In 1974, as a result of Ptomaine poisoning, I had what I later discovered was a Near-Death Experience (NDE). It frightened the life out of me.
At that time, there was no information about this most profound, mind-blowing, spiritual experience. I was convinced I had developed a psychosis and was waiting with much trepidation for the next episode. Fortunately, it did not appear.
However, what did appear was a book written by Dr. Raymond Moody called “Life after Life”. I read it in 2 days and found it most therapeutic. It did 2 things for me, first, to my great relief, I found I was not the only one to have an NDE. I was not alone and second, even better, it was clear I had not developed a psychosis.

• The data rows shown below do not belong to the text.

(* Let $d\ge3$, let $G$ be a $d$-map and let $\mathcal{L}$ be a $d$-GS labeling of $G$. For every inner edge $e$ of $G$, if $c_1,c_2,c_3,c_4$ are the four corners incident to $e$ listed in counterclockwise order around $e$, then the sum of the label jumps from $c_1$ to $c_2$, $c_2$ to $c_3$, $c_3$ to $c_4$ and $c_4$ to $c_1$ equals $d$.
   Context: A plane map is a connected graph (loops, multiple edges allowed) embedded in the plane without crossings, up to deformation; outer (unbounded) face, inner faces; outer vertices/edges lie on the outer face. A corner is the sector between consecutive half-edges around a vertex, inner if in an inner face; $\deg(f)$ = number of corners of face $f$. For $d\ge3$, a $d$-map has inner faces of degree $\le d$ and outer face of degree $d$ bounded by a simple cycle, with outer vertices $v_1,\dots,v_d$ in clockwise order. The four corners incident to an edge $e=\{u,v\}$ are the corners at $u$ and at $v$ on each side of $e$; they are ordered by turning counterclockwise around a small neighborhood of $e$. Label jump from $i$ to $i'$ in $[d]$: the $\delta\in\{0,\dots,d-1\}$ with $i+\delta\equiv i'\pmod d$. A $d$-GS labeling labels each inner corner in $[d]$ with (L0) corners at $v_i$ labeled $i$; (L1) around every inner vertex and every inner face, the jumps between consecutive corners in clockwise order sum to $d$; (L2) consecutive corners around an inner face have distinct labels; (L3) for each inner edge $e$ and incident face $f$, with $c,c'$ the corners of $f$ at $e$ ($c'$ following $c$ clockwise around $f$), $v$ the vertex of $c'$, $\delta$ the jump $c\to c'$ and $\epsilon$ the jump from $c'$ to the next corner clockwise around $v$ (outer corner at $v_i$ considered labeled $i$): $\delta+\epsilon>d-\deg(f)$. *)

theory Defs
  imports "HOL-Combinatorics.Permutations"
begin

text \<open>
Plane maps are encoded as combinatorial maps (rotation systems) of genus 0.
A finite set H of darts (half-edges); alpha is the fixed-point-free involution
pairing the two darts of an edge; sigma is the permutation giving, for a dart h
at a vertex v, the next dart CLOCKWISE around v.  Vertices are sigma-orbits,
edges are alpha-orbits.

A corner is identified with a dart h: it is the sector at the vertex of h
between h and sigma h (clockwise from h).  The next corner clockwise around the
vertex is sigma h.  The next corner clockwise around the face containing h
is fnext h = (inv sigma) (alpha h); the edge separating these two corners
is the edge of h.
\<close>

definition orb :: "('a \<Rightarrow> 'a) \<Rightarrow> 'a \<Rightarrow> 'a set" where
  "orb f x = range (\<lambda>n. (f ^^ n) x)"

definition fnext :: "('a \<Rightarrow> 'a) \<Rightarrow> ('a \<Rightarrow> 'a) \<Rightarrow> 'a \<Rightarrow> 'a" where
  "fnext \<sigma> \<alpha> = inv \<sigma> \<circ> \<alpha>"

definition jump :: "nat \<Rightarrow> nat \<Rightarrow> nat \<Rightarrow> nat" where
  "jump d i i' = nat ((int i' - int i) mod int d)"

definition plane_map :: "'a set \<Rightarrow> ('a \<Rightarrow> 'a) \<Rightarrow> ('a \<Rightarrow> 'a) \<Rightarrow> bool" where
  "plane_map H \<alpha> \<sigma> \<longleftrightarrow>
     finite H \<and> H \<noteq> {} \<and>
     \<alpha> permutes H \<and> (\<forall>h\<in>H. \<alpha> h \<noteq> h \<and> \<alpha> (\<alpha> h) = h) \<and>
     \<sigma> permutes H \<and>
     (\<forall>h\<in>H. \<forall>h'\<in>H. (h, h') \<in> {(x, y). x \<in> H \<and> (y = \<alpha> x \<or> y = \<sigma> x)}\<^sup>*) \<and>
     int (card (orb \<sigma> ` H)) - int (card (orb \<alpha> ` H)) + int (card (orb (fnext \<sigma> \<alpha>) ` H)) = 2"

definition outer_face :: "('a \<Rightarrow> 'a) \<Rightarrow> ('a \<Rightarrow> 'a) \<Rightarrow> 'a \<Rightarrow> 'a set" where
  "outer_face \<alpha> \<sigma> r = orb (fnext \<sigma> \<alpha>) r"

text \<open>Going around the outer face with fnext (face on the right) is counterclockwise in the
plane, so clockwise order of outer vertices follows the inverse of fnext, which is alpha o sigma.
The outer vertex v_i (i = 1..d) is the vertex of the dart (alpha o sigma)^i r (so v_d is the
vertex of r).\<close>
definition outer_vertex :: "('a \<Rightarrow> 'a) \<Rightarrow> ('a \<Rightarrow> 'a) \<Rightarrow> 'a \<Rightarrow> nat \<Rightarrow> 'a set" where
  "outer_vertex \<alpha> \<sigma> r i = orb \<sigma> (((\<alpha> \<circ> \<sigma>) ^^ i) r)"

definition d_map :: "nat \<Rightarrow> 'a set \<Rightarrow> ('a \<Rightarrow> 'a) \<Rightarrow> ('a \<Rightarrow> 'a) \<Rightarrow> 'a \<Rightarrow> bool" where
  "d_map d H \<alpha> \<sigma> r \<longleftrightarrow>
     plane_map H \<alpha> \<sigma> \<and> r \<in> H \<and>
     card (outer_face \<alpha> \<sigma> r) = d \<and>
     inj_on (orb \<sigma>) (outer_face \<alpha> \<sigma> r) \<and>
     (\<forall>h\<in>H. h \<notin> outer_face \<alpha> \<sigma> r \<longrightarrow> card (orb (fnext \<sigma> \<alpha>) h) \<le> d)"

definition inner_edge :: "('a \<Rightarrow> 'a) \<Rightarrow> ('a \<Rightarrow> 'a) \<Rightarrow> 'a \<Rightarrow> 'a \<Rightarrow> bool" where
  "inner_edge \<alpha> \<sigma> r h \<longleftrightarrow> h \<notin> outer_face \<alpha> \<sigma> r \<and> \<alpha> h \<notin> outer_face \<alpha> \<sigma> r"

definition ext_label :: "nat \<Rightarrow> ('a \<Rightarrow> 'a) \<Rightarrow> ('a \<Rightarrow> 'a) \<Rightarrow> 'a \<Rightarrow> ('a \<Rightarrow> nat) \<Rightarrow> 'a \<Rightarrow> nat" where
  "ext_label d \<alpha> \<sigma> r lab h =
     (if h \<in> outer_face \<alpha> \<sigma> r
      then (THE i. i \<in> {1..d} \<and> orb \<sigma> h = outer_vertex \<alpha> \<sigma> r i)
      else lab h)"

definition d_GS_labeling :: "nat \<Rightarrow> 'a set \<Rightarrow> ('a \<Rightarrow> 'a) \<Rightarrow> ('a \<Rightarrow> 'a) \<Rightarrow> 'a \<Rightarrow> ('a \<Rightarrow> nat) \<Rightarrow> bool" where
  "d_GS_labeling d H \<alpha> \<sigma> r lab \<longleftrightarrow>
     \<comment> \<open>labels of inner corners lie in [d]\<close>
     (\<forall>h\<in>H. h \<notin> outer_face \<alpha> \<sigma> r \<longrightarrow> lab h \<in> {1..d}) \<and>
     \<comment> \<open>(L0)\<close>
     (\<forall>i\<in>{1..d}. \<forall>h\<in>H. h \<notin> outer_face \<alpha> \<sigma> r \<longrightarrow> orb \<sigma> h = outer_vertex \<alpha> \<sigma> r i \<longrightarrow> lab h = i) \<and>
     \<comment> \<open>(L1) inner vertices\<close>
     (\<forall>h\<in>H. (\<forall>i\<in>{1..d}. orb \<sigma> h \<noteq> outer_vertex \<alpha> \<sigma> r i) \<longrightarrow>
        (\<Sum>x\<in>orb \<sigma> h. jump d (lab x) (lab (\<sigma> x))) = d) \<and>
     \<comment> \<open>(L1) inner faces\<close>
     (\<forall>h\<in>H. h \<notin> outer_face \<alpha> \<sigma> r \<longrightarrow>
        (\<Sum>x\<in>orb (fnext \<sigma> \<alpha>) h. jump d (lab x) (lab (fnext \<sigma> \<alpha> x))) = d) \<and>
     \<comment> \<open>(L2)\<close>
     (\<forall>h\<in>H. h \<notin> outer_face \<alpha> \<sigma> r \<longrightarrow> lab h \<noteq> lab (fnext \<sigma> \<alpha> h)) \<and>
     \<comment> \<open>(L3): c = h, c' = fnext h, the next corner clockwise around the vertex of c' is sigma c'\<close>
     (\<forall>h\<in>H. inner_edge \<alpha> \<sigma> r h \<longrightarrow>
        int (jump d (lab h) (lab (fnext \<sigma> \<alpha> h)))
        + int (jump d (lab (fnext \<sigma> \<alpha> h)) (ext_label d \<alpha> \<sigma> r lab (\<sigma> (fnext \<sigma> \<alpha> h))))
        > int d - int (card (orb (fnext \<sigma> \<alpha>) h)))"

end

theory Submission
  imports Defs "HOL-Combinatorics.Orbits"
begin

text \<open>
The four label jumps around an edge form a closed walk in the cyclic group of labels, so their
sum is a multiple of d; it is positive because consecutive corners of a face carry distinct
labels (L2), hence it is at least d. On the other hand, attach to every corner c the jump to the
next corner c' around its face plus the jump from c' to the next corner around its vertex. Summed
over all corners this adds up the jump cycle of every face and of every vertex exactly once: by
(L1) inner faces and inner vertices contribute d each, by (L0) outer vertices contribute 0, and
the outer face at most d(d-1). By Euler's formula the total is at most d times the number of
edges, while each edge contributes at least d; so every edge contributes exactly d.
\<close>

lemma orb_eq_orbit: "permutation p \<Longrightarrow> orb p x = orbit p x"
  by (auto simp: orb_def orbit_altdef_permutation)
lemma cube_boundary_map_North:
  "x \<in> {a..a+1} \<Longrightarrow> cube_boundary_map a b \<phi> ((x, b+1), t)
    = ((edge_isotopy (\<lambda>x. fst (\<phi> (x, b+1))) x t, b+1), t)"
  using top_edge edge_isotopy_endpoints[OF edge_maps(1)] edge_isotopy_endpoints[OF edge_maps(2)]
    edge_isotopy_endpoints[OF edge_maps(4)]
  by (auto simp: cube_boundary_map_def prod_eq_iff)

lemma constants_nonneg: "0 \<le> C1" "0 \<le> C2"
  using lipschitz_on_nonneg[OF lipschitz] lipschitz_on_nonneg[OF lipschitz_inverse] by auto

lemma bilipschitz_onto_side:
  fixes E :: "real \<times> real \<Rightarrow> point3"
  assumes "edge_map \<alpha> (1/C2) C1 h" and "\<And>u v. dist (E u) (E v) = dist u v"
    and "\<And>s t. s \<in> {\<alpha>..\<alpha>+1} \<Longrightarrow> t \<in> {0..1} \<Longrightarrow> cube_boundary_map a b \<phi> (E (s, t)) = E (edge_isotopy h s t, t)"
  shows "bilipschitz_onto (C1 + 3*C2 + 4) (E ` ({\<alpha>..\<alpha>+1} \<times> {0..1})) (cube_boundary_map a b \<phi>)"
proof -
  have "bilipschitz_onto (max (C1+4) (3*C2)) (E ` ({\<alpha>..\<alpha>+1} \<times> {0..1})) (cube_boundary_map a b \<phi>)"
    using bilipschitz_onto_isometric_conj[OF edge_isotopy_bilipschitz[OF assms(1)] assms(2)] assms(3)
    by auto
  then show ?thesis by (rule bilipschitz_onto_mono) (use constants_nonneg in auto)
qed

lemma bilipschitz_onto_faces:
  "bilipschitz_onto (C1 + 3*C2 + 4) (face a b F) (cube_boundary_map a b \<phi>)"
proof (cases F)
  case Bottom
  have "bilipschitz_onto 1 (usq a b) id" by (rule bilipschitz_ontoI) auto
  then have "bilipschitz_onto 1 (face a b F) (cube_boundary_map a b \<phi>)"
    unfolding Bottom face_Bottom
    by (rule bilipschitz_onto_isometric_conj) (simp_all add: dist_Pair_Pair cube_boundary_map_Bottom)
  then show ?thesis by (rule bilipschitz_onto_mono) (use constants_nonneg in auto)
next
  case Top
  have "bilipschitz_onto (max C1 C2) (face a b F) (cube_boundary_map a b \<phi>)"
    unfolding Top face_Top
    by (rule bilipschitz_onto_isometric_conj[OF bilipschitz_onto_square])
      (simp_all add: dist_Pair_Pair cube_boundary_map_Top)
  then show ?thesis by (rule bilipschitz_onto_mono) (use constants_nonneg in auto)
next
  case West
  show ?thesis unfolding West face_West
    by (rule bilipschitz_onto_side[OF edge_maps(2)]) (auto simp: dist_Pair_Pair cube_boundary_map_West)
next
  case East
  show ?thesis unfolding East face_East
    by (rule bilipschitz_onto_side[OF edge_maps(1)]) (auto simp: dist_Pair_Pair cube_boundary_map_East)
next
  case South
  show ?thesis unfolding South face_South
    by (rule bilipschitz_onto_side[OF edge_maps(3)]) (auto simp: dist_Pair_Pair cube_boundary_map_South)
next
  case North
  show ?thesis unfolding North face_North
    by (rule bilipschitz_onto_side[OF edge_maps(4)]) (auto simp: dist_Pair_Pair cube_boundary_map_North)
qed
(* For every $h\in C_\mathbb{R}(\mathcal{X}^n)$ and every $\mu_1,\dots,\mu_n\in\mathrm{Prob}(\mathcal{X})$, $$P(h)\ge P_\mathrm{sym}(h:\mu_1,\dots,\mu_n)+\sum_{i=1}^nS(\mu_i),$$ and the following are equivalent: (i) $P(h)=P_\mathrm{sym}(h:\mu_1,\dots,\mu_n)+\sum_{i=1}^nS(\mu_i)$; (ii) $\mu_1,\dots,\mu_n$ are the marginals of the Gibbs measure $\mu_h(\mathbf{x})=Z_h^{-1}e^{h(\mathbf{x})}$, $\mathbf{x}\in\mathcal{X}^n$, $Z_h=\sum_{\mathbf{x}\in\mathcal{X}^n}e^{h(\mathbf{x})}$; (iii) for each $i$, $\mu_i$ is the Gibbs measure on $\mathcal{X}$ associated with $h_i(x)=\log\sum_{x_1,\dots,x_{i-1},x_{i+1},\dots,x_n\in\mathcal{X}}e^{h(x_1,\dots,x_{i-1},x,x_{i+1},\dots,x_n)}$.
   Context: $\mathcal{X}=\{t_1,\dots,t_d\}$ is a finite set with a fixed order $t_1<\dots<t_d$; $n\in\mathbb{N}$. $\mathrm{Prob}(\mathcal{X}^k)$ is the set of probability measures on $\mathcal{X}^k$, $C_\mathbb{R}(\mathcal{X}^k)$ the real functions on $\mathcal{X}^k$ with max-norm. Shannon entropy: $S(\mu)=-\sum_t\mu(t)\log\mu(t)$. Pressure: $P(h)=\log\sum_{\mathbf{x}\in\mathcal{X}^k}e^{h(\mathbf{x})}$; the Gibbs measure associated with $h$ is $e^{h(\mathbf{x})-P(h)}$. For $\mathbf{x}=(x_1,\dots,x_N)\in\mathcal{X}^N$ its type is $\nu_\mathbf{x}(t)=\#\{j:x_j=t\}/N$. $\mathcal{X}_\le^N$ is the set of sequences in $\mathcal{X}^N$ of the form $(t_1,\dots,t_1,t_2,\dots,t_2,\dots,t_d,\dots,t_d)$ (nondecreasing). $S_N$ acts on $\mathcal{X}^N$ by $\sigma(\mathbf{x})=(x_{\sigma^{-1}(1)},\dots,x_{\sigma^{-1}(N)})$. An approximating sequence for $(\mu_1,\dots,\mu_n)$ is $\Xi(N)=(\xi_1(N),\dots,\xi_n(N))$ with $\xi_i(N)\in\mathcal{X}_\le^N$ and $\nu_{\xi_i(N)}(t)\to\mu_i(t)$ as $N\to\infty$ for all $t\in\mathcal{X}$, $1\le i\le n$. For $h\in C_\mathbb{R}(\mathcal{X}^n)$ and $\mathbf{x}_i=(x_{i1},\dots,x_{iN})\in\mathcal{X}^N$, $\kappa_N(h(\mathbf{x}_1,\dots,\mathbf{x}_n))=\frac1N\sum_{j=1}^Nh(x_{1j},\dots,x_{nj})$. The mutual pressure is $$P_\mathrm{sym}(h:\mu_1,\dots,\mu_n)=\limsup_{N\to\infty}\frac1N\log\Biggl[\frac1{(N!)^n}\sum_{\sigma_1,\dots,\sigma_n\in S_N}\exp\bigl(N\kappa_N(h(\sigma_1(\xi_1(N)),\dots,\sigma_n(\xi_n(N))))\bigr)\Biggr]$$ (independent of the approximating sequence). *)

theory Defs
  imports "HOL-Analysis.Analysis" "HOL-Combinatorics.Permutations"
begin

text \<open>The alphabet X is a finite linearly ordered type 'a. Points of X^k are
  modelled as extensional functions in PiE {0..<k} (%_. UNIV) (index i = coordinate i+1).\<close>

definition cube :: "nat \<Rightarrow> (nat \<Rightarrow> 'a) set" where
  "cube k = ({0..<k} \<rightarrow>\<^sub>E (UNIV :: 'a set))"
lemma norm_deriv_ge_if_bounded_right_inverse:
  fixes F H :: "complex \<Rightarrow> complex"
  assumes "e > 0" "H holomorphic_on ball v e" "\<And>y. y \<in> ball v e \<Longrightarrow> norm (H y) \<le> M"
    and "\<And>y. y \<in> ball v e \<Longrightarrow> F (H y) = y" "F field_differentiable at (H v)"
  shows "e / (2 * M) \<le> norm (deriv F (H v))"
proof -
  have "cball v (e/2) \<subseteq> ball v e" using assms(1) by auto
  then have "norm ((deriv ^^ 1) H v) \<le> fact 1 * M / (e/2) ^ 1"
    using assms(1,3)
    by (intro Cauchy_inequality holomorphic_on_subset[OF assms(2)]
        continuous_on_subset[OF holomorphic_on_imp_continuous_on[OF assms(2)]])
       (auto simp: dist_norm)
  then have deriv_H: "norm (deriv H v) \<le> 2 * M / e" by (simp add: mult.commute)
  have "(F \<circ> H has_field_derivative deriv F (H v) * deriv H v) (at v)"
    using assms(1) by (intro DERIV_chain field_differentiable_derivI[OF assms(5)]
        holomorphic_derivI[OF assms(2) open_ball]) simp
  then have "((\<lambda>y. y) has_field_derivative deriv F (H v) * deriv H v) (at v)"
    by (rule has_field_derivative_transform_within_open[where S = "ball v e"])
       (use assms(1,4) in auto)
  then have "deriv F (H v) * deriv H v = 1"
    using DERIV_ident DERIV_unique by blast
  then have "1 \<le> norm (deriv F (H v)) * (2 * M / e)"
    by (metis deriv_H mult_left_mono norm_ge_zero norm_mult norm_one)
  moreover have "M \<ge> 0"
    using assms(1) assms(3)[of v] by (simp add: order_trans[OF norm_ge_zero])
  ultimately show ?thesis using assms(1) by (cases "M = 0") (auto simp: field_simps)
qed

lemma norm_deriv_funpow_quad_ge:
  assumes "e > 0" "ball ((quad c ^^ n) u) e \<subseteq> cball 0 R"
    and "\<And>k. k \<ge> 1 \<Longrightarrow> (quad c ^^ k) 0 \<notin> ball ((quad c ^^ n) u) e"
  shows "e / (2 * max R (max 2 (norm c))) \<le> norm (deriv (quad c ^^ n) u)"
proof -
  have "(quad c ^^ n) u \<in> ball ((quad c ^^ n) u) e" using assms(1) by simp
  then obtain H where H: "H holomorphic_on ball ((quad c ^^ n) u) e"
    "\<And>y. y \<in> ball ((quad c ^^ n) u) e \<Longrightarrow> (quad c ^^ n) (H y) = y" "H ((quad c ^^ n) u) = u"
    using inverse_branch_funpow_quad[OF convex_imp_contractible[OF convex_ball] _ refl assms(3)]
    by blast
  have "norm (H y) \<le> max R (max 2 (norm c))" if "y \<in> ball ((quad c ^^ n) u) e" for y
  proof (rule norm_le_if_norm_funpow_quad_le)
    show "norm ((quad c ^^ n) (H y)) \<le> R" using H(2)[OF that] assms(2) that by auto
  qed
  then show ?thesis
    using norm_deriv_ge_if_bounded_right_inverse[OF assms(1) H(1) _ H(2)] H(3)
      holomorphic_on_imp_differentiable_at[OF holomorphic_on_funpow_quad open_UNIV] by auto
qed

lemma Montel_uniformly_bounded:
  fixes F :: "nat \<Rightarrow> complex \<Rightarrow> complex"
  assumes "open S" "\<And>n. F n holomorphic_on S" "\<And>n x. x \<in> S \<Longrightarrow> norm (F n x) \<le> B"
  obtains g r where "g holomorphic_on S" "strict_mono (r :: nat \<Rightarrow> nat)"
    "\<And>x. x \<in> S \<Longrightarrow> ((\<lambda>k. F (r k) x) \<longlongrightarrow> g x) sequentially"
    "\<And>K. compact K \<Longrightarrow> K \<subseteq> S \<Longrightarrow> uniform_limit K (F \<circ> r) g sequentially"
proof (rule Montel[OF assms(1), of "range F" F])
  show "\<exists>B. \<forall>h\<in>range F. \<forall>z\<in>K. norm (h z) \<le> B" if "K \<subseteq> S" for K
    using that assms(3) by blast
qed (use assms(2) that in auto)

lemma norm_deriv_uniform_limit_ge:
  fixes F :: "nat \<Rightarrow> complex \<Rightarrow> complex"
  assumes "open S" "cball w \<rho> \<subseteq> S" "\<rho> > 0" "\<And>n. F n holomorphic_on S"
    and "uniform_limit (cball w \<rho>) F g sequentially"
    and "\<forall>\<^sub>F n in sequentially. \<delta> \<le> norm (deriv (F n) w)"
  shows "\<delta> \<le> norm (deriv g w)"
proof -
  have cont: "\<forall>\<^sub>F n in sequentially. continuous_on (cball w \<rho>) (F n) \<and>
      (\<forall>x\<in>ball w \<rho>. (F n has_field_derivative deriv (F n) x) (at x))"
    using assms(1,2,4) ball_subset_cball
    by (intro always_eventually allI conjI ballI holomorphic_derivI[of _ S]
        holomorphic_on_imp_continuous_on holomorphic_on_subset[OF assms(4)]) auto
  then obtain g' where "\<And>x. x \<in> ball w \<rho> \<Longrightarrow>
      (g has_field_derivative g' x) (at x) \<and> ((\<lambda>n. deriv (F n) x) \<longlongrightarrow> g' x) sequentially"
    using has_complex_derivative_uniform_limit[OF cont assms(5) _ assms(3)] by auto
  then have "(g has_field_derivative g' w) (at w)" "((\<lambda>n. deriv (F n) w) \<longlongrightarrow> g' w) sequentially"
    using assms(3) by auto
  then show ?thesis
    using tendsto_lowerbound[OF tendsto_norm assms(6)] DERIV_imp_deriv by fastforce
qed

lemma tendsto_uniform_limit_compose:
  fixes F :: "'i \<Rightarrow> 'a::metric_space \<Rightarrow> 'b::real_normed_vector"
  assumes "uniform_limit (cball p \<rho>) F g L" "\<rho> > 0" "isCont g p" "(a \<longlongrightarrow> p) L"
  shows "((\<lambda>k. F k (a k)) \<longlongrightarrow> g p) L"
proof -
  have near: "\<forall>\<^sub>F k in L. a k \<in> cball p \<rho>"
    using tendstoD[OF assms(4,2)] by eventually_elim (simp add: dist_commute)
  have "((\<lambda>k. F k (a k) - g (a k)) \<longlongrightarrow> 0) L"
  proof (rule tendstoI)
    fix \<epsilon> :: real
    assume "\<epsilon> > 0"
    from uniform_limitD[OF assms(1) this] near
    show "\<forall>\<^sub>F k in L. dist (F k (a k) - g (a k)) 0 < \<epsilon>"
      by eventually_elim (simp add: dist_norm)
  qed
  moreover have "((\<lambda>k. g (a k)) \<longlongrightarrow> g p) L"
    using isCont_tendsto_compose[OF assms(3,4)] .
  ultimately show ?thesis using tendsto_add by fastforce
qed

There are many many accounts, articles and books about the NDE, including 123,000,000 references on Google. The most compelling, I think, is the book by Dr. Eben Alexander, “Proof of Heaven.”
Being a brain surgeon, he was uniquely qualified to comment in medical terms about his NDE and how the deteriorated condition of his brain would preclude any activity in the cerebral cortex and therefore any form of awareness.
But as the book explains; he was still aware, sentient, cognizant of his surrounding and still had intent. Just as if he was conscious. Anyone with an inquiring mind will ask the obvious question, “How can that happen?” That was the question I asked myself after my NDE.
How it happened
My NDE was not deep; I had only three of the nineteen aspects identified by researchers such as the Near Death Research Foundation and the International Assn. for Near-Death Studies, (IANDS) so I will not dwell on the details here. That is not the subject of this article.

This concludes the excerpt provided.